6 Myths About DATA SCIENCE Dispelled
![](https://www.thetechbizz.com/wp-content/uploads/2022/02/artificial-intelligence-g42c9fc49f_640.jpg)
Data Science is the latest buzzword in the industry. Everyone wants to be known as Data Scientist (or at least hire one) but what does it really mean? The reality is that Data Science encompasses several disciplines within it and knowing which one you are learning or teaching can help determine whether you need a Masters Degree, an undergraduate degree or just some books on machine learning.
This article will go through 6 concepts I’ve seen people post about data science and try to dispel the myths around these topics.
1) Machine Learning
Myth – You don’t need to know statistics or linear algebra for machine learning. Just use sklearn! Yay!! Can’t believe how simple this was…No more maths required! Hire me!
Reality – Sklearn is a great library, but the number of machine learning algorithms available in sklearn is limited.
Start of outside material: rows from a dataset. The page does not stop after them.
section \<open>Continuous formulas (continuous logic counterpart, {0,1}-valued, 0 = true)\<close>

datatype ('f, 'r) cfm =
    CEq "'f trm" "'f trm"
  | CRel 'r "'f trm list"
  | CConn "(nat \<Rightarrow> real) \<Rightarrow> real" "('f, 'r) cfm list"
  | CSup nat "('f, 'r) cfm"
  | CInf nat "('f, 'r) cfm"

definition trunc :: "nat \<Rightarrow> (nat \<Rightarrow> real) \<Rightarrow> nat \<Rightarrow> real" where
  "trunc k x = (\<lambda>i. if i < k then x i else 0)"

text \<open>A \<open>k\<close>-ary connective: a continuous map \<open>[0,1]^k \<rightarrow> [0,1]\<close> (applied to the first \<open>k\<close> coordinates).\<close>
definition connective :: "nat \<Rightarrow> ((nat \<Rightarrow> real) \<Rightarrow> real) \<Rightarrow> bool" where
  "connective k u \<longleftrightarrow>
     (\<forall>x. (\<forall>i<k. x i \<in> {0..1}) \<longrightarrow> u (trunc k x) \<in> {0..1}) \<and>
     (\<forall>x. (\<forall>i<k. x i \<in> {0..1}) \<longrightarrow> (\<forall>e>0. \<exists>d>0. \<forall>y. (\<forall>i<k. y i \<in> {0..1}) \<longrightarrow>
        (\<forall>i<k. \<bar>x i - y i\<bar> < d) \<longrightarrow> \<bar>u (trunc k x) - u (trunc k y)\<bar> < e))"

fun wf_cfm :: "('f, 'r) cfm \<Rightarrow> bool" where
  "wf_cfm (CEq t u) = True"
| "wf_cfm (CRel r ts) = True"
| "wf_cfm (CConn u ps) = (connective (length ps) u \<and> (\<forall>p\<in>set ps. wf_cfm p))"
| "wf_cfm (CSup x p) = wf_cfm p"
| "wf_cfm (CInf x p) = wf_cfm p"

fun cfv :: "('f, 'r) cfm \<Rightarrow> nat set" where
  "cfv (CEq t u) = tvars t \<union> tvars u"
| "cfv (CRel r ts) = (\<Union>t\<in>set ts. tvars t)"
| "cfv (CConn u ps) = (\<Union>p\<in>set ps. cfv p)"
| "cfv (CSup x p) = cfv p - {x}"
| "cfv (CInf x p) = cfv p - {x}"

fun cval :: "('a, 'f, 'r) struc \<Rightarrow> (nat \<Rightarrow> 'a) \<Rightarrow> ('f, 'r) cfm \<Rightarrow> real" where
  "cval M s (CEq t u) = (if teval M s t = teval M s u then 0 else 1)"
| "cval M s (CRel r ts) = (if srel M r (map (teval M s) ts) then 0 else 1)"
| "cval M s (CConn u ps) =
     (let vs = map (cval M s) ps in u (\<lambda>i. if i < length vs then vs ! i else 0))"
| "cval M s (CSup x p) = (SUP a\<in>sdom M. cval M (s(x := a)) p)"
| "cval M s (CInf x p) = (INF a\<in>sdom M. cval M (s(x := a)) p)"

definition same_qftp :: "('i, 'g, 's) struc \<Rightarrow> 'i list \<Rightarrow> 'i list \<Rightarrow> bool" where
  "same_qftp I is js \<longleftrightarrow> length is = length js \<and>
     (\<forall>\<phi>. qfree \<phi> \<and> fv \<phi> \<subseteq> {..<length is} \<longrightarrow> (sat I (tup I is) \<phi> \<longleftrightarrow> sat I (tup I js) \<phi>))"

definition same_tp :: "('a, 'f, 'r) struc \<Rightarrow> 'a list \<Rightarrow> 'a list \<Rightarrow> bool" where
  "same_tp M xs ys \<longleftrightarrow> length xs = length ys \<and>
     (\<forall>\<phi>. fv \<phi> \<subseteq> {..<length xs} \<longrightarrow> (sat M (tup M xs) \<phi> \<longleftrightarrow> sat M (tup M ys) \<phi>))"

definition same_ctp :: "('a, 'f, 'r) struc \<Rightarrow> 'a list \<Rightarrow> 'a list \<Rightarrow> bool" where
  "same_ctp M xs ys \<longleftrightarrow> length xs = length ys \<and>
     (\<forall>\<phi>. wf_cfm \<phi> \<and> cfv \<phi> \<subseteq> {..<length xs} \<longrightarrow> cval M (tup M xs) \<phi> = cval M (tup M ys) \<phi>)"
Some of the most common machine learning algorithms like k-Nearest Neighbors and Naive Bayes need to be implemented by yourself (or found in another library) if you want to implement them. Moreover, linear algebra (eigenfaces anyone?) is used heavily in many data science pipelines whether it’s recommender systems or text classification. It may look like magic when computers do these calculations, but it’s because they’re using linear algebra under the hood. Please don’t make statements that you don’t understand!
2) Hadoop/Spark/Big Data technologies
Myth – You can use Hive/Pig/MapReduce on Hadoop for everything!
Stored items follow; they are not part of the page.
lemma Li2_exp_increment_bound:
  fixes c d :: complex
  assumes k: "0 < k"
    and sector: "\<And>s. s \<in> closed_segment 0 1 \<Longrightarrow> Im (exp (c + d * s)) \<le> - k * cmod (exp (c + d * s))"
  shows "cmod (Li2 (exp (c + d)) - Li2 (exp c) + d * Ln (1 - exp c)) \<le> cmod d ^ 2 / k"
proof -
  define \<phi> where "\<phi> s = Li2 (exp (c + d * s)) + s * (d * Ln (1 - exp c))" for s
  have \<phi>_deriv: "(\<phi> has_field_derivative d * (Ln (1 - exp c) - Ln (1 - exp (c + d * s)))) (at s)"
    if s: "s \<in> closed_segment 0 1" for s
  proof -
    have "Im (exp (c + d * s)) < 0" by (rule Im_neg_of_sector[OF k sector[OF s]]) simp
    then have Li2_deriv: "(Li2 has_field_derivative - Ln (1 - exp (c + d * s)) / exp (c + d * s))
        (at (exp (c + d * s)))"
      by (intro Li2_has_field_derivative) (auto simp: complex_nonpos_Reals_iff)
    have "((\<lambda>s. exp (c + d * s)) has_field_derivative exp (c + d * s) * d) (at s)"
      by (auto intro!: derivative_eq_intros)
    from DERIV_add[OF DERIV_chain2[OF Li2_deriv this] DERIV_cmult_right[OF DERIV_ident]]
    show ?thesis
      unfolding \<phi>_def by (rule DERIV_cong) (simp add: field_simps)
  qed
  have \<phi>_deriv_bound: "cmod (d * (Ln (1 - exp c) - Ln (1 - exp (c + d * s)))) \<le> cmod d * (cmod d / k)"
    if "s \<in> closed_segment 0 1" for s
    unfolding norm_mult using norm_Ln_one_minus_exp_diff_le[OF k sector that]
    by (intro mult_left_mono) (simp_all add: norm_minus_commute)
  have "cmod (\<phi> 1 - \<phi> 0) \<le> cmod d * (cmod d / k) * cmod (1 - 0 :: complex)"
    by (rule field_differentiable_bound[OF convex_closed_segment _ \<phi>_deriv_bound])
       (auto intro: has_field_derivative_at_within \<phi>_deriv)
  then show ?thesis by (simp add: \<phi>_def power2_eq_square algebra_simps)
qed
Reality – These tools are definitely amazing, but it’s important to know when you should use them. If your data is small enough to fit in the memory of a single node without taking too much time, then it may be faster not to use these technologies. An example might be feature extraction where the main bottleneck is computation time, rather than disk I/O or network latency. Having said that, if your dataset is larger than what fits in memory (and even most hard drives), then yes please go ahead and experiment with these tools! RemoteDBA is a trusted provider of better database management & support.
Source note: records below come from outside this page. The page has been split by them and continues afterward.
(* Let $k$ be a positive integer and $\varrho\ge0$, and define the multiple Dirichlet series \[F_{k,\varrho}(s_1,\dots,s_{2k})=\sum_{\substack{n_1\cdots n_k=n_{k+1}\cdots n_{2k}\\ n_j\ge1}}\frac{\varrho^{\Omega(n_1)}\cdots\varrho^{\Omega(n_{2k})}}{n_1^{1/2+s_1}\cdots n_{2k}^{1/2+s_{2k}}}.\] Fix $\delta>0$. Uniformly for $0\le\varrho\le\sqrt{2-\delta}$ and $0<\sigma\le1/\log k$ it holds that \[|F_{k,\varrho}(\underline{s})|\le\exp\Big(-k^2\varrho^2\big(\log 2\sigma+\log\log(k^2\varrho^2)+O_\delta(1)\big)\Big)\] whenever $s_\ell=\sigma+it_\ell$ with $t_\ell\in\mathbb{R}$ for $1\le\ell\le 2k$.
   Context: $\Omega(n)$ is the number of prime factors of $n$ counted with multiplicity. The paper assumes throughout that $k$ (and $k\varrho$) is large enough for the iterated logarithms to be positive. *)

theory Defs
  imports "HOL-Analysis.Analysis" "HOL-Computational_Algebra.Primes"
begin

definition bigOmega :: "nat \<Rightarrow> nat" where
  "bigOmega n = size (prime_factorization n)"

text \<open>Index set of the multiple Dirichlet series: tuples (n_0,...,n_{2k-1}) of positive
  integers with n_0 ... n_{k-1} = n_k ... n_{2k-1}; encoded as functions nat => nat that
  vanish outside {0..<2k}.\<close>
definition tuples :: "nat \<Rightarrow> (nat \<Rightarrow> nat) set" where
  "tuples k = {n. (\<forall>j<2*k. 1 \<le> n j) \<and> (\<forall>j\<ge>2*k. n j = 0) \<and>
                  (\<Prod>j<k. n j) = (\<Prod>j\<in>{k..<2*k}. n j)}"

definition F :: "nat \<Rightarrow> real \<Rightarrow> (nat \<Rightarrow> complex) \<Rightarrow> complex" where
  "F k \<rho> s = (\<Sum>\<^sub>\<infinity>n\<in>tuples k.
      \<Prod>j<2*k. complex_of_real (\<rho> ^ bigOmega (n j)) / (of_nat (n j)) powr (1/2 + s j))"

end

theory Submission
  imports Defs
begin

text \<open>
  Replacing each \<open>s\<^sub>j\<close> by its real part \<open>\<sigma>\<close> bounds \<open>|F|\<close> by a series with nonnegative terms,
  so it suffices to bound its finite partial sums. Such a partial sum is at most an Euler product
  whose factor at \<open>p\<close> sums \<open>x^(|e| + |e'|)\<close>, with \<open>x = \<rho> p^(-1/2-\<sigma>)\<close>, over the pairs of
  exponent vectors of \<open>p\<close> in the two halves of a tuple that have equal totals. Let \<open>K = k\<^sup>2\<rho>\<^sup>2\<close>.
  For \<open>p \<le> 4K\<close> the factor is at most \<open>(1 - x)^(-2k)\<close>; since \<open>\<rho>\<^sup>2 \<le> 2 - \<delta>\<close> keeps \<open>x\<close> away from \<open>1\<close>,
  these primes contribute \<open>exp O(k \<rho> \<Sum>\<^sub>n\<^sub>\<le>\<^sub>4\<^sub>K n^(-1/2)) = exp O(K)\<close>. For \<open>p > 4K\<close> we have
  \<open>kx \<le> 1/2\<close>, and only the zero pair contributes to first order: the factor is at most
  \<open>exp (K p^(-1-2\<sigma>) + O((K/p)^(3/2)))\<close>. Comparing Euler products, \<open>\<Sum>\<^sub>p\<^sub>>\<^sub>4\<^sub>K p^(-1-2\<sigma>)\<close> is at most
  the logarithm of \<open>\<zeta>(1 + 2\<sigma>) / \<Sum>\<^sub>n\<^sub>\<le>\<^sub>4\<^sub>K n^(-1-2\<sigma>)\<close>, and as \<open>\<sigma> log K = O(1)\<close> the denominator
  is of order \<open>log K\<close>; this gives \<open>-log 2\<sigma> - log log K + O(1)\<close>.
\<close>

lemma sum_inverse_sqrt_le: "(\<Sum>n=1..M. 1 / sqrt (real n)) \<le> 2 * sqrt (real M)"
proof (induction M)
  case 0
  then show ?case by simp
next
  case (Suc M)
  have "1 = (sqrt (real (Suc M)) - sqrt (real M)) * (sqrt (real (Suc M)) + sqrt (real M))"
    by (simp add: algebra_simps)
  also have "\<dots> \<le> (sqrt (real (Suc M)) - sqrt (real M)) * (2 * sqrt (real (Suc M)))"
    by (intro mult_left_mono) auto
  finally have "1 \<le> (sqrt (real (Suc M)) - sqrt (real M)) * (2 * sqrt (real (Suc M)))" .
  then have "1 / sqrt (real (Suc M)) \<le> 2 * sqrt (real (Suc M)) - 2 * sqrt (real M)"
    by (simp add: field_simps)
  then show ?case using Suc by simp
qed

lemma inverse_pow_three_halves_le_diff:
  assumes "1 \<le> L"
  shows "1 / (real (Suc L) * sqrt (real (Suc L))) \<le> 2 / sqrt (real L) - 2 / sqrt (real (Suc L))"
proof -
  define a where "a = sqrt (real L)"
  define b where "b = sqrt (real (Suc L))"
  have a0: "0 < a" and ab: "a \<le> b" using assms by (simp_all add: a_def b_def)
  have "(b - a) * (b + a) = 1" using a0 by (simp add: a_def b_def algebra_simps)
  then have "b - a = 1 / (b + a)" using a0 ab by (simp add: field_simps)
  have "2 / a - 2 / b = 2 * (b - a) / (a * b)" using a0 ab by (simp add: field_simps)
  also have "\<dots> = 2 / ((b + a) * (a * b))" by (simp add: \<open>b - a = 1 / (b + a)\<close>)
  also have "\<dots> \<ge> 2 / ((2 * b) * (b * b))"
    using a0 ab by (intro frac_le mult_mono mult_pos_pos) (auto intro!: mult_right_mono)
  finally have "1 / (b * b * b) \<le> 2 / a - 2 / b" by (simp add: mult.assoc)
  moreover have "real (Suc L) * sqrt (real (Suc L)) = b * b * b"
    unfolding b_def by simp
  ultimately show ?thesis by (simp add: a_def b_def)
qed

lemma sum_inverse_pow_three_halves_le:
  assumes "1 \<le> M" "M \<le> L"
  shows "(\<Sum>n=Suc M..L. 1 / (real n * sqrt (real n))) \<le> 2 / sqrt (real M) - 2 / sqrt (real L)"
  using assms(2)
proof (induction L)
  case 0
  then show ?case using assms by simp
next
  case (Suc L)
  show ?case
  proof (cases "M = Suc L")
    case False
    then have "M \<le> L" using Suc by simp
    then show ?thesis
      using Suc.IH inverse_pow_three_halves_le_diff[of L] assms(1) by simp
  qed simp
qed

lemma sum_inverse_pow_three_halves_greaterThan_le:
  assumes "1 \<le> M" "finite Q" "Q \<subseteq> {M<..}"
  shows "(\<Sum>n\<in>Q. 1 / (real n * sqrt (real n))) \<le> 2 / sqrt (real M)"
proof -
  define L where "L = max M (Max (insert 0 Q))"
  have "Q \<subseteq> {Suc M..L}"
  proof
    fix n assume "n \<in> Q"
    then have "M < n" "n \<le> Max (insert 0 Q)" using assms(2,3) by (auto intro: Max_ge)
    then show "n \<in> {Suc M..L}" by (auto simp: L_def)
  qed
  then have "(\<Sum>n\<in>Q. 1 / (real n * sqrt (real n))) \<le> (\<Sum>n=Suc M..L. 1 / (real n * sqrt (real n)))"
    by (intro sum_mono2) auto
  also have "\<dots> \<le> 2 / sqrt (real M) - 2 / sqrt (real L)"
    using assms(1) by (intro sum_inverse_pow_three_halves_le) (auto simp: L_def)
  also have "\<dots> \<le> 2 / sqrt (real M)" by simp
  finally show ?thesis .
qed

lemma powr_minus_le_telescoping:
  fixes s :: real
  assumes "1 < s" "1 \<le> m"
  shows "real (Suc m) powr (-s) \<le> (real m powr (1 - s) - real (Suc m) powr (1 - s)) / (s - 1)"
proof -
  obtain z where z: "real m < z" "z < real (Suc m)"
    "real (Suc m) powr (1 - s) - real m powr (1 - s) = (1 - s) * z powr (-s)"
    using MVT2[of "real m" "real (Suc m)" "\<lambda>x. x powr (1 - s)" "\<lambda>x. (1 - s) * x powr (1 - s - 1)"]
      assms by (force intro!: derivative_eq_intros)
  have "real (Suc m) powr (-s) \<le> z powr (-s)"
    using z assms by (intro powr_mono2') auto
  also have "\<dots> = (real m powr (1 - s) - real (Suc m) powr (1 - s)) / (s - 1)"
    using z(3) assms by (simp add: field_simps)
  finally show ?thesis .
qed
3) Machine Learning vs Data Science
Myth – Machine learning and data science are the same thing. You don’t need statistics to be a data scientist.
Reality – I definitely agree that you can do machine learning without statistics, but why limit yourself? Statistics is one of the fastest-growing fields within data science and knowing how to apply statistical tests as well as choose the right model will make you an even more attractive candidate. Machine learning may not require any knowledge of statistics, but data science does if you want to call yourself a true professional.
4) Python vs R
Myth – Learning python is enough for doing Data Science and companies don’t care about R anymore
Reality – As with all languages, it depends on what you’re trying to accomplish. Nowadays libraries like scikit-learn exist which allow both Python and R users to work together seamlessly and R has other unique advantages like easy package development and integration with existing C++ code. Knowing other languages is definitely an advantage but it doesn’t replace the need to learn R if your goal is Data Science/Machine Learning.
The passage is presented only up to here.